▶ _Exercise materials_
(* Let $G$ be a finite nilpotent group whose order has at least four distinct prime divisors. Then the difference graph $\mathcal{D}(G)$ is not perfect.
   Context: For a finite group $G$ with identity $e$: the intersection power graph $\mathcal{G}_I(G)$ has vertex set $G$, two distinct non-identity vertices $x,y$ being adjacent iff $\langle x\rangle\cap\langle y\rangle\neq\{e\}$, and $e$ being adjacent to every other vertex. The power graph $\mathcal{P}(G)$ has vertex set $G$, two distinct vertices being adjacent iff one is a power of the other. The difference graph $\mathcal{D}(G)$ is the graph on vertex set $G$ with edge set $E(\mathcal{G}_I(G))\setminus E(\mathcal{P}(G))$, with all isolated vertices removed. *)

theory Defs
  imports "HOL-Algebra.Algebra" "HOL-Computational_Algebra.Primes"
begin

primrec lower_central :: "('a, 'b) monoid_scheme \<Rightarrow> nat \<Rightarrow> 'a set" where
  "lower_central G 0 = carrier G"
| "lower_central G (Suc n) =
     generate G {h \<otimes>\<^bsub>G\<^esub> g \<otimes>\<^bsub>G\<^esub> inv\<^bsub>G\<^esub> h \<otimes>\<^bsub>G\<^esub> inv\<^bsub>G\<^esub> g
                 | h g. h \<in> lower_central G n \<and> g \<in> carrier G}"

definition nilpotent_group :: "('a, 'b) monoid_scheme \<Rightarrow> bool" where
  "nilpotent_group G \<longleftrightarrow> group G \<and> (\<exists>n. lower_central G n = {\<one>\<^bsub>G\<^esub>})"

definition is_clique :: "'v set \<Rightarrow> ('v \<Rightarrow> 'v \<Rightarrow> bool) \<Rightarrow> bool" where
  "is_clique K E \<longleftrightarrow> (\<forall>x\<in>K. \<forall>y\<in>K. x \<noteq> y \<longrightarrow> E x y)"

definition clique_number :: "'v set \<Rightarrow> ('v \<Rightarrow> 'v \<Rightarrow> bool) \<Rightarrow> nat" where
  "clique_number V E = Max {card K | K. K \<subseteq> V \<and> is_clique K E}"

definition proper_colouring :: "'v set \<Rightarrow> ('v \<Rightarrow> 'v \<Rightarrow> bool) \<Rightarrow> ('v \<Rightarrow> nat) \<Rightarrow> nat \<Rightarrow> bool" where
  "proper_colouring V E c k \<longleftrightarrow>
     (\<forall>x\<in>V. c x < k) \<and> (\<forall>x\<in>V. \<forall>y\<in>V. x \<noteq> y \<longrightarrow> E x y \<longrightarrow> c x \<noteq> c y)"

definition chromatic_number :: "'v set \<Rightarrow> ('v \<Rightarrow> 'v \<Rightarrow> bool) \<Rightarrow> nat" where
  "chromatic_number V E = (LEAST k. \<exists>c. proper_colouring V E c k)"

definition perfect_graph :: "'v set \<Rightarrow> ('v \<Rightarrow> 'v \<Rightarrow> bool) \<Rightarrow> bool" where
  "perfect_graph V E \<longleftrightarrow> (\<forall>S\<subseteq>V. chromatic_number S E = clique_number S E)"

definition power_graph_edge :: "('a, 'b) monoid_scheme \<Rightarrow> 'a \<Rightarrow> 'a \<Rightarrow> bool" where
  "power_graph_edge G x y \<longleftrightarrow> x \<in> carrier G \<and> y \<in> carrier G \<and> x \<noteq> y \<and>
     ((\<exists>k::int. y = x [^]\<^bsub>G\<^esub> k) \<or> (\<exists>k::int. x = y [^]\<^bsub>G\<^esub> k))"

definition int_power_graph_edge :: "('a, 'b) monoid_scheme \<Rightarrow> 'a \<Rightarrow> 'a \<Rightarrow> bool" where
  "int_power_graph_edge G x y \<longleftrightarrow> x \<in> carrier G \<and> y \<in> carrier G \<and> x \<noteq> y \<and>
     (x = \<one>\<^bsub>G\<^esub> \<or> y = \<one>\<^bsub>G\<^esub> \<or>
      generate G {x} \<inter> generate G {y} \<noteq> {\<one>\<^bsub>G\<^esub>})"

definition diff_graph_edge :: "('a, 'b) monoid_scheme \<Rightarrow> 'a \<Rightarrow> 'a \<Rightarrow> bool" where
  "diff_graph_edge G x y \<longleftrightarrow> int_power_graph_edge G x y \<and> \<not> power_graph_edge G x y"

definition diff_graph_vertices :: "('a, 'b) monoid_scheme \<Rightarrow> 'a set" where
  "diff_graph_vertices G = {x \<in> carrier G. \<exists>y. diff_graph_edge G x y}"

end

theory Submission
  imports Defs
begin

text \<open>
  In a nilpotent group, elements \<open>x\<close>, \<open>y\<close> of coprime orders commute: their commutator lies in
  every term of the lower central series, because modulo the next term it is central, and a
  central commutator \<open>c\<close> of elements with \<open>x\<^sup>m = y\<^sup>n = 1\<close>, \<open>gcd m n = 1\<close>, satisfies
  \<open>c\<^sup>m = c\<^sup>n = 1\<close>.

  So, given elements \<open>a, b, c, d\<close> of four distinct prime orders, the products
  \<open>ab, ac, cd, abc, acd\<close> form an induced 5-cycle of the difference graph: consecutive ones
  share the subgroup \<open>\<langle>a\<rangle>\<close> or \<open>\<langle>c\<rangle>\<close> while neither is a power of the other, whereas
  \<open>ab\<close> and \<open>cd\<close> have coprime orders and each other non-consecutive pair has one member in the
  cyclic subgroup generated by the other. An induced 5-cycle has clique number 2 but
  chromatic number 3.
\<close>

lemma (in group) inv_mult_cancel [simp]:
  "x \<in> carrier G \<Longrightarrow> y \<in> carrier G \<Longrightarrow> inv x \<otimes> (x \<otimes> y) = y"
  by (simp flip: m_assoc)

lemma (in group) mult_inv_cancel [simp]:
  "x \<in> carrier G \<Longrightarrow> y \<in> carrier G \<Longrightarrow> x \<otimes> (inv x \<otimes> y) = y"
  by (simp flip: m_assoc)

lemma (in group) lower_central_normal: "lower_central G k \<lhd> G"
proof (induction k)
  case 0
  show ?case by (simp add: normal_self)
next
  case (Suc k)
  interpret N: normal "lower_central G k" G by (fact Suc)
  show ?case
    unfolding lower_central.simps(2)
  proof (rule normal_generateI)
    show "{h \<otimes> g \<otimes> inv h \<otimes> inv g | h g. h \<in> lower_central G k \<and> g \<in> carrier G} \<subseteq> carrier G"
      using N.subset by blast
  next
    fix z t
    assume "z \<in> {h \<otimes> g \<otimes> inv h \<otimes> inv g | h g. h \<in> lower_central G k \<and> g \<in> carrier G}"
      and t: "t \<in> carrier G"
    then obtain h g where z: "z = h \<otimes> g \<otimes> inv h \<otimes> inv g"
      and h: "h \<in> lower_central G k" and g: "g \<in> carrier G"
      by blast
    have hc: "h \<in> carrier G" using h N.subset by blast
    have "t \<otimes> z \<otimes> inv t =
        (t \<otimes> h \<otimes> inv t) \<otimes> (t \<otimes> g \<otimes> inv t) \<otimes> inv (t \<otimes> h \<otimes> inv t) \<otimes> inv (t \<otimes> g \<otimes> inv t)"
      by (simp add: z hc g t m_assoc inv_mult_group)
    moreover have "t \<otimes> h \<otimes> inv t \<in> lower_central G k"
      using N.inv_op_closed2 h t by blast
    ultimately show "t \<otimes> z \<otimes> inv t
        \<in> {h \<otimes> g \<otimes> inv h \<otimes> inv g | h g. h \<in> lower_central G k \<and> g \<in> carrier G}"
      using t g by blast
  qed
qed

▶ _How to complete this task_
Print the data above exactly as it reads.

▶ _Written response_
(* Let $G$ be a finite nilpotent group whose order has at least four distinct prime divisors. Then the difference graph $\mathcal{D}(G)$ is not perfect.
   Context: For a finite group $G$ with identity $e$: the intersection power graph $\mathcal{G}_I(G)$ has vertex set $G$, two distinct non-identity vertices $x,y$ being adjacent iff $\langle x\rangle\cap\langle y\rangle\neq\{e\}$, and $e$ being adjacent to every other vertex. The power graph $\mathcal{P}(G)$ has vertex set $G$, two distinct vertices being adjacent iff one is a power of the other. The difference graph $\mathcal{D}(G)$ is the graph on vertex set $G$ with edge set $E(\mathcal{G}_I(G))\setminus E(\mathcal{P}(G))$, with all isolated vertices removed. *)

theory Defs
  imports "HOL-Algebra.Algebra" "HOL-Computational_Algebra.Primes"
begin

primrec lower_central :: "('a, 'b) monoid_scheme \<Rightarrow> nat \<Rightarrow> 'a set" where
  "lower_central G 0 = carrier G"
| "lower_central G (Suc n) =
     generate G {h \<otimes>\<^bsub>G\<^esub> g \<otimes>\<^bsub>G\<^esub> inv\<^bsub>G\<^esub> h \<otimes>\<^bsub>G\<^esub> inv\<^bsub>G\<^esub> g
                 | h g. h \<in> lower_central G n \<and> g \<in> carrier G}"

definition nilpotent_group :: "('a, 'b) monoid_scheme \<Rightarrow> bool" where
  "nilpotent_group G \<longleftrightarrow> group G \<and> (\<exists>n. lower_central G n = {\<one>\<^bsub>G\<^esub>})"

definition is_clique :: "'v set \<Rightarrow> ('v \<Rightarrow> 'v \<Rightarrow> bool) \<Rightarrow> bool" where
  "is_clique K E \<longleftrightarrow> (\<forall>x\<in>K. \<forall>y\<in>K. x \<noteq> y \<longrightarrow> E x y)"

definition clique_number :: "'v set \<Rightarrow> ('v \<Rightarrow> 'v \<Rightarrow> bool) \<Rightarrow> nat" where
  "clique_number V E = Max {card K | K. K \<subseteq> V \<and> is_clique K E}"

definition proper_colouring :: "'v set \<Rightarrow> ('v \<Rightarrow> 'v \<Rightarrow> bool) \<Rightarrow> ('v \<Rightarrow> nat) \<Rightarrow> nat \<Rightarrow> bool" where
  "proper_colouring V E c k \<longleftrightarrow>
     (\<forall>x\<in>V. c x < k) \<and> (\<forall>x\<in>V. \<forall>y\<in>V. x \<noteq> y \<longrightarrow> E x y \<longrightarrow> c x \<noteq> c y)"

definition chromatic_number :: "'v set \<Rightarrow> ('v \<Rightarrow> 'v \<Rightarrow> bool) \<Rightarrow> nat" where
  "chromatic_number V E = (LEAST k. \<exists>c. proper_colouring V E c k)"

definition perfect_graph :: "'v set \<Rightarrow> ('v \<Rightarrow> 'v \<Rightarrow> bool) \<Rightarrow> bool" where
  "perfect_graph V E \<longleftrightarrow> (\<forall>S\<subseteq>V. chromatic_number S E = clique_number S E)"

definition power_graph_edge :: "('a, 'b) monoid_scheme \<Rightarrow> 'a \<Rightarrow> 'a \<Rightarrow> bool" where
  "power_graph_edge G x y \<longleftrightarrow> x \<in> carrier G \<and> y \<in> carrier G \<and> x \<noteq> y \<and>
     ((\<exists>k::int. y = x [^]\<^bsub>G\<^esub> k) \<or> (\<exists>k::int. x = y [^]\<^bsub>G\<^esub> k))"

definition int_power_graph_edge :: "('a, 'b) monoid_scheme \<Rightarrow> 'a \<Rightarrow> 'a \<Rightarrow> bool" where
  "int_power_graph_edge G x y \<longleftrightarrow> x \<in> carrier G \<and> y \<in> carrier G \<and> x \<noteq> y \<and>
     (x = \<one>\<^bsub>G\<^esub> \<or> y = \<one>\<^bsub>G\<^esub> \<or>
      generate G {x} \<inter> generate G {y} \<noteq> {\<one>\<^bsub>G\<^esub>})"

definition diff_graph_edge :: "('a, 'b) monoid_scheme \<Rightarrow> 'a \<Rightarrow> 'a \<Rightarrow> bool" where
  "diff_graph_edge G x y \<longleftrightarrow> int_power_graph_edge G x y \<and> \<not> power_graph_edge G x y"

definition diff_graph_vertices :: "('a, 'b) monoid_scheme \<Rightarrow> 'a set" where
  "diff_graph_vertices G = {x \<in> carrier G. \<exists>y. diff_graph_edge G x y}"

end

theory Submission
  imports Defs
begin

text \<open>
  In a nilpotent group, elements \<open>x\<close>, \<open>y\<close> of coprime orders commute: their commutator lies in
  every term of the lower central series, because modulo the next term it is central, and a
  central commutator \<open>c\<close> of elements with \<open>x\<^sup>m = y\<^sup>n = 1\<close>, \<open>gcd m n = 1\<close>, satisfies
  \<open>c\<^sup>m = c\<^sup>n = 1\<close>.

  So, given elements \<open>a, b, c, d\<close> of four distinct prime orders, the products
  \<open>ab, ac, cd, abc, acd\<close> form an induced 5-cycle of the difference graph: consecutive ones
  share the subgroup \<open>\<langle>a\<rangle>\<close> or \<open>\<langle>c\<rangle>\<close> while neither is a power of the other, whereas
  \<open>ab\<close> and \<open>cd\<close> have coprime orders and each other non-consecutive pair has one member in the
  cyclic subgroup generated by the other. An induced 5-cycle has clique number 2 but
  chromatic number 3.
\<close>

lemma (in group) inv_mult_cancel [simp]:
  "x \<in> carrier G \<Longrightarrow> y \<in> carrier G \<Longrightarrow> inv x \<otimes> (x \<otimes> y) = y"
  by (simp flip: m_assoc)

lemma (in group) mult_inv_cancel [simp]:
  "x \<in> carrier G \<Longrightarrow> y \<in> carrier G \<Longrightarrow> x \<otimes> (inv x \<otimes> y) = y"
  by (simp flip: m_assoc)

lemma (in group) lower_central_normal: "lower_central G k \<lhd> G"
proof (induction k)
  case 0
  show ?case by (simp add: normal_self)
next
  case (Suc k)
  interpret N: normal "lower_central G k" G by (fact Suc)
  show ?case
    unfolding lower_central.simps(2)
  proof (rule normal_generateI)
    show "{h \<otimes> g \<otimes> inv h \<otimes> inv g | h g. h \<in> lower_central G k \<and> g \<in> carrier G} \<subseteq> carrier G"
      using N.subset by blast
  next
    fix z t
    assume "z \<in> {h \<otimes> g \<otimes> inv h \<otimes> inv g | h g. h \<in> lower_central G k \<and> g \<in> carrier G}"
      and t: "t \<in> carrier G"
    then obtain h g where z: "z = h \<otimes> g \<otimes> inv h \<otimes> inv g"
      and h: "h \<in> lower_central G k" and g: "g \<in> carrier G"
      by blast
    have hc: "h \<in> carrier G" using h N.subset by blast
    have "t \<otimes> z \<otimes> inv t =
        (t \<otimes> h \<otimes> inv t) \<otimes> (t \<otimes> g \<otimes> inv t) \<otimes> inv (t \<otimes> h \<otimes> inv t) \<otimes> inv (t \<otimes> g \<otimes> inv t)"
      by (simp add: z hc g t m_assoc inv_mult_group)
    moreover have "t \<otimes> h \<otimes> inv t \<in> lower_central G k"
      using N.inv_op_closed2 h t by blast
    ultimately show "t \<otimes> z \<otimes> inv t
        \<in> {h \<otimes> g \<otimes> inv h \<otimes> inv g | h g. h \<in> lower_central G k \<and> g \<in> carrier G}"
      using t g by blast
  qed
qed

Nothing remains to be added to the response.